It’s Saturday morning and our first day in the Blue Mountains and finally our weather luck has run out. As we awoke and drew the roller blinds back (a yucky fawny brown colour to add to the misery!) we saw………fog. Yes, after the journey up yesterday in lovely sunny weather, the cloud has come down heavily, it is raining hard and the visibility is less than 100m. Yes I know Storm Doris has battered the UK and many have lost fence panels and roof tiles, but this is the first cold day for us in weeks and boy are we feeling it! 15 Degrees Centigrade!! Brrrrr.   On went the Gas Fire, and we huddled round it having breakfast and tried to plan our time here. Question is, how do you see the sights if you can’t see the sights, and where you are going?
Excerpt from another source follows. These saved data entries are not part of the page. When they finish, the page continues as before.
(* For every nonzero $(x_1,x_2)\in\mathbb R^2$ and nonzero $(y_1,y_2,y_3)\in\mathbb R^3$, the equations \begin{align*} de^1 &=( x_2 y_1- x_1 y_2)e^{35}- x_1y_3(e^{36}+e^{45})- x_2 y_3 e^{46},\\ de^3 &= -( x_2 y_1- x_1 y_2)e^{15}+ x_1 y_3(e^{16}+e^{25})+ x_2 y_3 e^{26},\\ de^5 &= ( x_2 y_1- x_1 y_2)e^{13}- x_1y_3(e^{14}+e^{23})- x_2 y_3 e^{24},\\ de^2 &= x_1y_1 e^{35} -( x_1 y_3- y_2 x_2)e^{46}+ x_2y_1(e^{36}+e^{45}), \\ de^4 &= - x_1 y_1e^{15} +( x_1 y_3- y_2 x_2)e^{26}- x_2 y_1(e^{16}+e^{25}),\\ de^6 &= x_1 y_1e^{13} - ( x_1 y_3- y_2 x_2)e^{24}+ x_2 y_1(e^{14}+e^{23}) \end{align*} define a non-Abelian Lie algebra $\mathfrak g$ with basis $e^1,\dots,e^6$ of $\mathfrak g^*$, and, modulo rescaling of the metric, each point of $\mathcal M\cong\mathbb{RP}^1\times\mathbb{RP}^2$ (represented by the formal product $(x_1u_1+x_2u_2)\cdot(y_1u_1^2+y_2u_1u_2+y_3u_2^2)$) corresponds in this way to an $SO(3)$-structure with invariant intrinsic torsion on a non-Abelian Lie algebra. In addition, the flat connection associated with the coframe has invariant torsion, and the intrinsic torsion is represented by the expanded product \[ x_1y_1u_1^3+(x_1y_2+x_2y_1)u_1^2u_2 + (x_1y_3+x_2y_2)u_1u_2^2+x_2y_3u_2^3. \] In particular, the intrinsic torsion determines a surjective $PSL(2,\mathbb R)$-equivariant map $\mathbb{RP}^1\times \mathbb{RP}^2\to \mathbb{RP}^3$, induced by polynomial multiplication.
   Context: $e^{ij}=e^i\wedge e^j$. Let $\sigma=e^{12}+e^{34}+e^{56}$, $\eta^\theta=(\cos\theta\, e^1+\sin\theta\, e^2)\wedge(\cos\theta\, e^3+\sin\theta\, e^4)\wedge(\cos\theta\, e^5+\sin\theta\, e^6)$, $\eta_0=\eta^0$, $\eta_1=\eta^{2\pi/3}$, $\eta_2=\eta^{-2\pi/3}$; the common stabilizer of these forms in $GL(6,\mathbb R)$ is a copy of $SO(3)$, and a coframe $e^1,\dots,e^6$ of a Lie algebra (a basis of $\mathfrak g^*$, the structure given by $d:\mathfrak g^*\to\Lambda^2\mathfrak g^*$) defines a left-invariant $SO(3)$-structure, with metric $\sum (e^i)^2$. Put $\gamma=\tfrac43(\eta_0+\eta_1+\eta_2)$, $\hat\gamma=J\gamma$ ($J$ the almost complex structure for which $\gamma+i\hat\gamma$ has type $(3,0)$). The intrinsic torsion of an $SO(3)$-structure is the projection of the torsion of any connection on the reduction to the cokernel of $T^*\otimes\mathfrak{so}(3)\to\Lambda^2T^*\otimes T$; it is invariant if it lies in the 4-dimensional $SO(3)$-invariant part. Then there are $\lambda_1,\dots,\lambda_4$ with $d\eta_0=-\tfrac12\lambda_4\sigma^2$, $d\eta_1=\tfrac1{16}(3\sqrt3\lambda_1+3\lambda_2+\sqrt3\lambda_3+\lambda_4)\sigma^2$, $d\eta_2=-\tfrac1{16}(3\sqrt3\lambda_1-3\lambda_2+\sqrt3\lambda_3-\lambda_4)\sigma^2$, $d\hat\gamma=\tfrac12(\lambda_3-\lambda_1)\sigma^2$, $d\sigma=\tfrac34(\lambda_1-\lambda_3)\gamma+\tfrac34(\lambda_2-\lambda_4)\hat\gamma+\tfrac14(\lambda_2+3\lambda_4)(e^{235}+e^{145}+e^{136}+3e^{246})+\tfrac14(3\lambda_1+\lambda_3)(e^{245}+e^{146}+e^{236}+3e^{135})$; the intrinsic torsion is represented by the cubic $\lambda_1u_1^3+\lambda_2u_1^2u_2+\lambda_3u_1u_2^2+\lambda_4u_2^3$ in variables $u_1,u_2$ (the centralizer $GL(2,\mathbb R)$ of $SO(3)$ acts on $\mathrm{span}(e^1,e^2)\cong\mathrm{span}(u_1,u_2)$, and likewise on each $\mathrm{span}(e^{2i-1},e^{2i})$). $\mathbb{RP}^k$ is the projectivization of the space of degree-$k$ homogeneous polynomials in $u_1,u_2$. The invariant torsion variety is $\mathcal M=\{[\lambda_1:\dots:\lambda_4:\mu_1:\mu_2]\in\mathbb{RP}^5\mid\operatorname{rank}\begin{pmatrix} -\tfrac23\lambda_2+\tfrac12\mu_1 & -\tfrac13\lambda_3+\tfrac12\mu_2 & \lambda_1 \\ -\tfrac23\lambda_3-\tfrac12\mu_2 &- \lambda_4 & \tfrac13\lambda_2+\tfrac12\mu_1\end{pmatrix}=1\}$, identified with $\mathbb{RP}^1\times\mathbb{RP}^2$ via $([x_1u_1+x_2u_2],[y_1u_1^2+y_2u_1u_2+y_3u_2^2])\mapsto[x_1y_1:x_1y_2+x_2y_1:x_1y_3+x_2y_2:x_2y_3:\tfrac23(2x_2y_1-x_1y_2):\tfrac23(x_2y_2-2x_1y_3)]$. *)

theory Defs
  imports "HOL-Analysis.Analysis"
begin
theorem mainTheorem13:
  fixes F1 F2 F3 :: "nat \<Rightarrow> (complex^'n) set"
  assumes "is_flag F1" and "is_flag F2" and "is_flag F3"
    and "general_position F1 F2 F3"
    and "property_star F1 F2 F3"
  shows "(\<forall>B :: nat \<Rightarrow> complex^'n^'n. (\<forall>n. B n \<in> Stab F1 F2) \<longrightarrow>
            ((\<lambda>n. flag_dist (flag_act (matrix_inv (B n)) F3) F1) \<longlonglongrightarrow> 0
             \<longleftrightarrow> (\<lambda>n. ratio_max F1 F2 (B n)) \<longlonglongrightarrow> 0))
       \<and> (\<exists>C>0. \<forall>B :: nat \<Rightarrow> complex^'n^'n. (\<forall>n. B n \<in> Stab F1 F2) \<longrightarrow>
            (\<lambda>n. flag_dist (flag_act (matrix_inv (B n)) F3) F1) \<longlonglongrightarrow> 0 \<longrightarrow>
            (\<forall>\<^sub>F n in sequentially.
               ratio_max F1 F2 (B n) / C \<le> flag_dist (flag_act (matrix_inv (B n)) F3) F1 \<and>
               flag_dist (flag_act (matrix_inv (B n)) F3) F1 \<le> C * ratio_max F1 F2 (B n)))"
proof -
  interpret star_triple F1 F2 F3
    using assms(1-3,5) by unfold_locales
  show ?thesis using flag_dist_ratio_max_sequences by blast
qed

end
Answer? Go find a coffee shop to work it all out.

Leura is blessed with a few coffee shops, none of which looked that inspiring, so we took ourselves off to the next town, Katoomba. With our cottage having no wi-fi or internet access at all, the first criteria for a coffee shop is free internet access, so we can get all the blogs published and catch up on our e-mails and other things. We settled on a place called the Hatters Tea Room, strangely next door to a hat shop. It looked okay and had a fair few people inside which is always a good sign, so in we went.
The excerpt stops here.